В этом «вечном круговороте» идей, сюжетов и персонажей в каждую эпоху литераторы ставят свои акценты, сохраняя общую основу — так вершится таинственная связь времен. «О, связь времен! О, токи просвещения!» (24. 150) — восклицает булгаковский Рассказчик в повести о Мольере, упоминая о заимствованиях у французского драматурга в русской литературе. Так, юный А. Пушкин в целом стремился к подражанию Поклену (Мольеру), грибоедовский Чацкий похож на мольеровского Альцеста — Мизантропа (24. 152), а финал пьесы «Горе от ума» практически дословно повторяет финал «Мизантропа». Во многих странах мира будут сочинять подражания пьесам Мольера и писать переделки его пьес на протяжении трехсот лет, — эти факты, приведенные в булгаковской повести о великом французе, важны для определения позиции писателя в споре литературных критиков рубежа XIX—XX вв. по вопросу границ и, соответственно, актуальности типического в литературном творчестве, т. к. только существованием вневременных констант в человеческой природе, изображаемой в мольеровских пьесах, можно объяснить их неувядаемость.

Интересно, что среди знатоков романтизма рубежа XIX—XX вв. по этому вопросу не было единого мнения.
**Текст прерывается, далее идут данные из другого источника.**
lemma dfao_of_finite_residuals:
  fixes F :: "bool list \<Rightarrow> 'o"
  assumes "finite (range (residual F))"
  shows "\<exists>delta q0 out. dfao_wf (card (range (residual F))) delta q0 \<and>
           (\<forall>w. out (dfao_run delta q0 w) = F w)"
proof -
  let ?S = "range (residual F)"
  let ?n = "card ?S"
  obtain g where g: "bij_betw g {0..<?n} ?S"
    using ex_bij_betw_nat_finite[OF assms] by blast
  define idx where "idx = inv_into {0..<?n} g"
  have img: "g ` {0..<?n} = ?S" using g by (simp add: bij_betw_def)
  have idx: "idx (residual F u) < ?n" "g (idx (residual F u)) = residual F u" for u
  proof -
    have "residual F u \<in> g ` {0..<?n}" using img by auto
    from inv_into_into[OF this] f_inv_into_f[OF this]
    show "idx (residual F u) < ?n" "g (idx (residual F u)) = residual F u"
      unfolding idx_def by auto
  qed
  define delta where "delta = (\<lambda>q b. idx (\<lambda>v. g q (b # v)))"
  define q0 where "q0 = idx (residual F [])"
  have run: "dfao_run delta q0 w = idx (residual F w)" for w
  proof (induction w rule: rev_induct)
    case (snoc b w)
    then show ?case
      by (simp add: dfao_run_def delta_def idx(2) residual_snoc)
  qed (simp add: dfao_run_def q0_def)
  have "dfao_wf ?n delta q0"
    unfolding dfao_wf_def
  proof (intro conjI allI impI)
    show "q0 < ?n" unfolding q0_def by (rule idx(1))
    fix q b assume "q < ?n"
    then have "g q \<in> ?S" using img by auto
    then obtain u where "g q = residual F u" by blast
    then show "delta q b < ?n"
      unfolding delta_def using idx(1)[of "u @ [b]"] by (simp add: residual_snoc)
  qed
  moreover have "g (dfao_run delta q0 w) [] = F w" for w
    unfolding run idx(2) by (simp add: residual_def)
  ultimately show ?thesis by (intro exI[of _ delta] exI[of _ q0] exI[of _ "\<lambda>q. g q []"]) blast
qed

definition shifted_thue :: "nat \<Rightarrow> bool list \<Rightarrow> nat" where
  "shifted_thue c w = (if fvalid w then fib_thue (fval w + c) else 0)"

definition thue_state :: "nat \<Rightarrow> nat \<times> nat \<times> bool \<times> bool list \<Rightarrow> bool list \<Rightarrow> nat" where
  "thue_state c = (\<lambda>(a, a', b, r) v.
     if fvalid (r @ v) then offset_thue a a' b (length (r @ v)) (fval (r @ v) + c) else 0)"

lemma residual_shifted_thue_in_thue_state_image:
  assumes m: "2 \<le> m" "c \<le> fib m" and u: "fvalid u"
  shows "residual (shifted_thue c) u \<in>
           thue_state c ` ({..<2} \<times> {..<2} \<times> UNIV \<times> {r. fvalid r \<and> length r = m})"
proof -
  define p where "p = False # take (length u) (replicate m False @ u)"
  define r where "r = drop (length u) (replicate m False @ u)"
  define w where "w = p @ r"
  have padded: "w = replicate (m + 1) False @ u"
    unfolding w_def p_def r_def by (simp only: append_Cons append_take_drop_id) simp
  then have w: "w = p @ r" "fvalid w"
    using u unfolding w_def by (auto simp: fvalid_Cons)
  have r: "length r = m" "r \<noteq> []"
    using m unfolding r_def by auto
  have "fvalid p" "fvalid r" using w by (simp_all add: fvalid_append)
  have "fval p < fib (length p + 1)"
    using fval_less_fib[of "tl p"] \<open>fvalid p\<close> by (simp add: p_def fvalid_Cons)
  moreover have "fib (length p + 1) < fib (length p + 2)"
    using fib_neq_0_nat[of "length p"] by (simp add: p_def numeral_eq_Suc)
  ultimately have p_succ: "fval p + 1 < fib (length p + 2)" by linarith
  have "residual (shifted_thue c) u = residual (shifted_thue c) w"
    unfolding residual_def shifted_thue_def padded
    by (simp only: append_assoc fvalid_replicate_False_append fval_replicate_False_append)
  also have "\<dots> = thue_state c (fib_thue (fval p), fib_thue (fval p + 1), last p, r)"
  proof
    fix v
    have valid: "fvalid (w @ v) \<longleftrightarrow> fvalid (r @ v)"
      using w r by (cases r) (auto simp: fvalid_append)
    show "residual (shifted_thue c) w v
            = thue_state c (fib_thue (fval p), fib_thue (fval p + 1), last p, r) v"
    proof (cases "fvalid (r @ v)")
      case True
      define K where "K = length (r @ v)"
      have "fval (r @ v) + c < fib (K + 2) + fib K"
        using fval_less_fib[OF True] fib_mono[of m K] r m unfolding K_def by simp
      moreover have "fval (w @ v) + c = fval (p @ replicate K False) + (fval (r @ v) + c)"
        using fval_append[of p "r @ v"] w(1) unfolding K_def by simp
      ultimately have "fib_thue (fval (w @ v) + c)
          = offset_thue (fib_thue (fval p)) (fib_thue (fval p + 1)) (last p) K (fval (r @ v) + c)"
        using fib_thue_fval_block_add[OF \<open>fvalid p\<close> p_succ] by presburger
      with True valid show ?thesis
        by (simp add: residual_def shifted_thue_def thue_state_def K_def)
    qed (simp add: residual_def shifted_thue_def thue_state_def valid)
  qed
  finally show ?thesis
    using fib_thue_less_2 \<open>fvalid r\<close> r by blast
qed

lemma finite_fvalid_length: "finite {r. fvalid r \<and> length r = m}"
  using finite_lists_length_eq[of "UNIV :: bool set" m] by (simp add: finite_subset)

lemma card_fvalid_length: "card {r. fvalid r \<and> length r = m} \<le> fib (m + 2)"
proof -
  let ?R = "{r. fvalid r \<and> length r = m}"
  have "inj_on fval ?R"
    by (rule inj_onI) (auto intro: fvalid_fval_inj)
  then have "card ?R = card (fval ` ?R)" by (simp add: card_image)
  also have "\<dots> \<le> card {..<fib (m + 2)}"
    using fval_less_fib by (intro card_mono) auto
  finally show ?thesis by simp
qed

lemma ex_fib_scale: "\<exists>m\<ge>2. c \<le> fib m \<and> fib (m + 2) \<le> 6 * (c + 1)"
proof (induction c)
  case 0
  show ?case by (intro exI[of _ 2]) (simp add: numeral_eq_Suc)
next
  case (Suc c)
  then obtain m where m: "m \<ge> 2" "c \<le> fib m" "fib (m + 2) \<le> 6 * (c + 1)" by blast
  show ?case
  proof (cases "Suc c \<le> fib m")
    case True
    with m show ?thesis by auto
  next
    case False
    with m have c: "c = fib m" by simp
    obtain k where k: "m = k + 1" using m(1) by (metis add.commute add_leD1 le_Suc_ex one_add_one)
    have "fib (m + 1) = fib m + fib k" "fib k \<le> fib m"
      using k by (simp_all add: fib_mono)
    moreover have "fib (m + 3) = 2 * fib (m + 1) + fib m"
      by (simp add: numeral_eq_Suc)
    ultimately have "fib (m + 1 + 2) \<le> 6 * (Suc c + 1)" "Suc c \<le> fib (m + 1)"
      using c fib_neq_0_nat[of k] k m(1) by (auto simp: numeral_eq_Suc)
    with m(1) show ?thesis by (intro exI[of _ "m + 1"]) auto
  qed
qed

lemma finite_card_residuals_shifted_thue:
  "finite (range (residual (shifted_thue c))) \<and> card (range (residual (shifted_thue c))) \<le> 49 * (c + 1)"
proof -
  obtain m where m: "m \<ge> 2" "c \<le> fib m" "fib (m + 2) \<le> 6 * (c + 1)"
    using ex_fib_scale by blast
  define D where "D = {..<2::nat} \<times> {..<2::nat} \<times> (UNIV :: bool set) \<times> {r. fvalid r \<and> length r = m}"
  have "residual (shifted_thue c) u \<in> insert (\<lambda>_. 0) (thue_state c ` D)" for u
  proof (cases "fvalid u")
    case True
    with m show ?thesis unfolding D_def by (simp add: residual_shifted_thue_in_thue_state_image)
  next
    case False
    then have "residual (shifted_thue c) u = (\<lambda>_. 0)"
      by (auto simp: residual_def shifted_thue_def fvalid_append)
    then show ?thesis by simp
  qed
  then have sub: "range (residual (shifted_thue c)) \<subseteq> insert (\<lambda>_. 0) (thue_state c ` D)"
    by blast
  have "finite D" unfolding D_def by (simp add: finite_fvalid_length)
  then have fin: "finite (insert (\<lambda>_. 0) (thue_state c ` D))" by simp
  have "card (range (residual (shifted_thue c))) \<le> card (insert (\<lambda>_. 0) (thue_state c ` D))"
    using card_mono[OF fin sub] .
  also have "\<dots> \<le> Suc (card (thue_state c ` D))"
    using \<open>finite D\<close> by (simp add: card_insert_if)
  also have "\<dots> \<le> Suc (card D)"
    using card_image_le[OF \<open>finite D\<close>] by simp
  also have "\<dots> \<le> Suc (8 * fib (m + 2))"
    using card_fvalid_length[of m] by (simp add: D_def card_cartesian_product)
  also have "\<dots> \<le> 49 * (c + 1)"
    using m(3) by simp
  finally show ?thesis using finite_subset[OF sub fin] by blast
qed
Читавший в начале XX в. на высших женских курсах в Москве лекции по истории немецкой литературы А.А. Шахов настаивал на историзме реальных типов, становящихся объектом внимания и отображения в литературе романтизма, т. е. отказывал им в универсализме. Относиться ко всем персонажам романтических произведений «с одинаковыми требованиями, искать во всех них ответа на одни и те же вопросы по меньшей мере странно», — утверждал А. Шахов, — «Чем дальше подвигаемся мы на историческом пути, тем более удаляются для нас Гомер и Дант, Шекспир и Мольер; мы живем уже другими интересами, нас волнуют уже другие вопросы. Потому-то оценка литературного произведения при его изучении должна быть как можно более объективна. На поэта прошедших веков мы должны смотреть с точки зрения его столетия и его современников»95.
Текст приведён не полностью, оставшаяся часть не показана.